Where charging occurs and how much electricity is used depends equally on driving patterns and the availability and accessibility of infrastructure. Charging from home is currently the most prevalent option in both the EU-27 plus the United Kingdom and the United States due to the low cost of residential retail power and high rate of home ownership among affluent early adopters of EVs. Notably, those EV owners are also willing to pay for the necessary home electrical upgrades that can add $500 to $1,000 to the cost of a home AC charge point.

As EVs are increasingly adopted by less affluent buyers and those who live in multiunit housing (with limited access to home charging), public charging stations in workplaces, as well as dedicated EV charging hubs, will become more commonplace.
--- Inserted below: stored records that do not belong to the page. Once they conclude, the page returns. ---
lemma bcoef_eq_trapezoid_error:
  fixes i k :: nat
  assumes "0 < a" "0 < tau" "1 \<le> i" "0 \<le> sg"
  defines "L \<equiv> log_step a tau (real i - 1) (real i)"
    and "L' \<equiv> log_step a tau (real i) (real i + 1)"
    and "B \<equiv> log_step a tau (real i) (real k + sg)"
  shows "bcoef al sg a tau i k = 2 / (L' + L) * powr_trapezoid_error (1 - al) B L"
proof -
  have A: "ln (tg a tau (real k + sg) / tg a tau (real i - 1)) = B + L"
    using log_step_trans[of a tau "real i - 1" "real i" "real k + sg"] assms
    by (simp add: log_step_def)
  have D: "ln (tg a tau (real i + 1) / tg a tau (real i - 1)) = L' + L"
    using log_step_trans[of a tau "real i - 1" "real i" "real i + 1"] assms
    by (simp add: log_step_def)
  have B: "ln (tg a tau (real k + sg) / tg a tau (real i)) = B"
    and L: "ln (tg a tau (real i) / tg a tau (real i - 1)) = L"
    by (simp_all add: B_def L_def log_step_def)
  have weights: "1 / d * (2 / c * x - l * y) = 2 / d * (x / c - l * y / 2)" for d c x l y :: real
    by (simp add: right_diff_distrib)
  show ?thesis
    unfolding bcoef_def powr_trapezoid_error_def A D B L weights by (simp add: add.commute)
qed

lemma ccoef_last_eq_c_last:
  fixes k :: nat
  assumes "0 < a" "0 < tau" "1 \<le> k" "0 \<le> sg"
  defines "H \<equiv> log_step a tau (real k) (real k + 1)"
    and "Q \<equiv> log_step a tau (real k - 1) (real k)"
    and "R \<equiv> log_step a tau (real k) (real k + sg)"
  shows "ccoef al sg a tau (k + 1) k = c_last al H Q R / (Gamma (2 - al) * H)"
  using assms bcoef_eq_trapezoid_error[of a tau k sg al k]
  by (simp add: ccoef_def c_last_def log_step_def)

lemma ccoef_diag_eq_c_diag:
  fixes k :: nat
  assumes "0 < a" "0 < tau" "1 \<le> k" "0 \<le> sg"
  defines "H \<equiv> log_step a tau (real k) (real k + 1)"
    and "Q \<equiv> log_step a tau (real k - 1) (real k)"
    and "R \<equiv> log_step a tau (real k) (real k + sg)"
    and "P \<equiv> if k = 1 then 0 else log_step a tau (real k - 2) (real k - 1)"
  shows "ccoef al sg a tau k k = c_diag al H P Q R / (Gamma (2 - al) * Q)"
proof -
  have a: "acoef al sg a tau k k = (R + Q) powr (1 - al) - R powr (1 - al)"
    and b: "bcoef al sg a tau k k = 2 / (H + Q) * powr_trapezoid_error (1 - al) R Q"
    using assms acoef_eq_log_step[of a tau k sg al k] bcoef_eq_trapezoid_error[of a tau k sg al k]
    by (simp_all add: add.commute)
  show ?thesis
  proof (cases "k = 1")
    case True
    then show ?thesis
      using a b by (simp add: ccoef_def c_diag_def Q_def P_def log_step_def)
  next
    case False
    then have k: "2 \<le> k" using assms by simp
    have "log_step a tau (real k - 1) (real k + sg) = R + Q"
      using log_step_trans[of a tau "real k - 1" "real k" "real k + sg"] assms k
      by (simp add: add.commute)
    then have "bcoef al sg a tau (k - 1) k = 2 / (Q + P) * powr_trapezoid_error (1 - al) (R + Q) P"
      using assms k bcoef_eq_trapezoid_error[of a tau "k - 1" sg al k]
      by (simp add: of_nat_diff algebra_simps)
    then show ?thesis
      using a b k by (simp add: ccoef_def c_diag_def Q_def log_step_def)
  qed
qed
This is especially true in China and the EU-27 plus the United Kingdom, where the sparsity of single-family homes with in-home parking has resulted in a higher ratio of EVs to charge points than in the United States.

Put simply, the location of charge points will continue to expand beyond single-family homes to affect a wide range of building types. This is especially true of areas that attract large numbers of vehicles, such as apartment complexes, offices, fleet depots, parking lots, and commercial centers.

AC level 2 charge points will constitute the majority of passenger-car charging stations, as they are typically tied to homes, workplaces, and temporary destinations such as stores or street parking. While a full vehicle charge could require anywhere from two to eight hours on an AC level 2 charger, it is rare for an EV battery to be fully depleted outside of long-distance trips. Even so, the amount of time a car is parked at any of these locations, whether it be overnight or during work hours, is adequate to constantly maintain a full charge under all use cases. Supporting passenger EVs will require more than 50 million AC level 2 charge points in homes, workplaces, and other temporary destinations by 2030 across China, the EU-27 plus the United Kingdom, and the United States.

On the commercial side, major fleet operators will accelerate their depot electrification as EVs become cost competitive for an increasing share of routes. Local and regional routes will likely be the first to electrify by utilizing vehicles such as delivery vans that can be charged overnight using AC power. Thus, AC level 2 chargers will drive most of the three million commercial charge points by 2030 in China, the EU-27 plus the United Kingdom, and the United States. Only toward the end of the decade do we expect a significant increase in commercial DCFCs, driven by the large batteries required for electric heavy-duty transport.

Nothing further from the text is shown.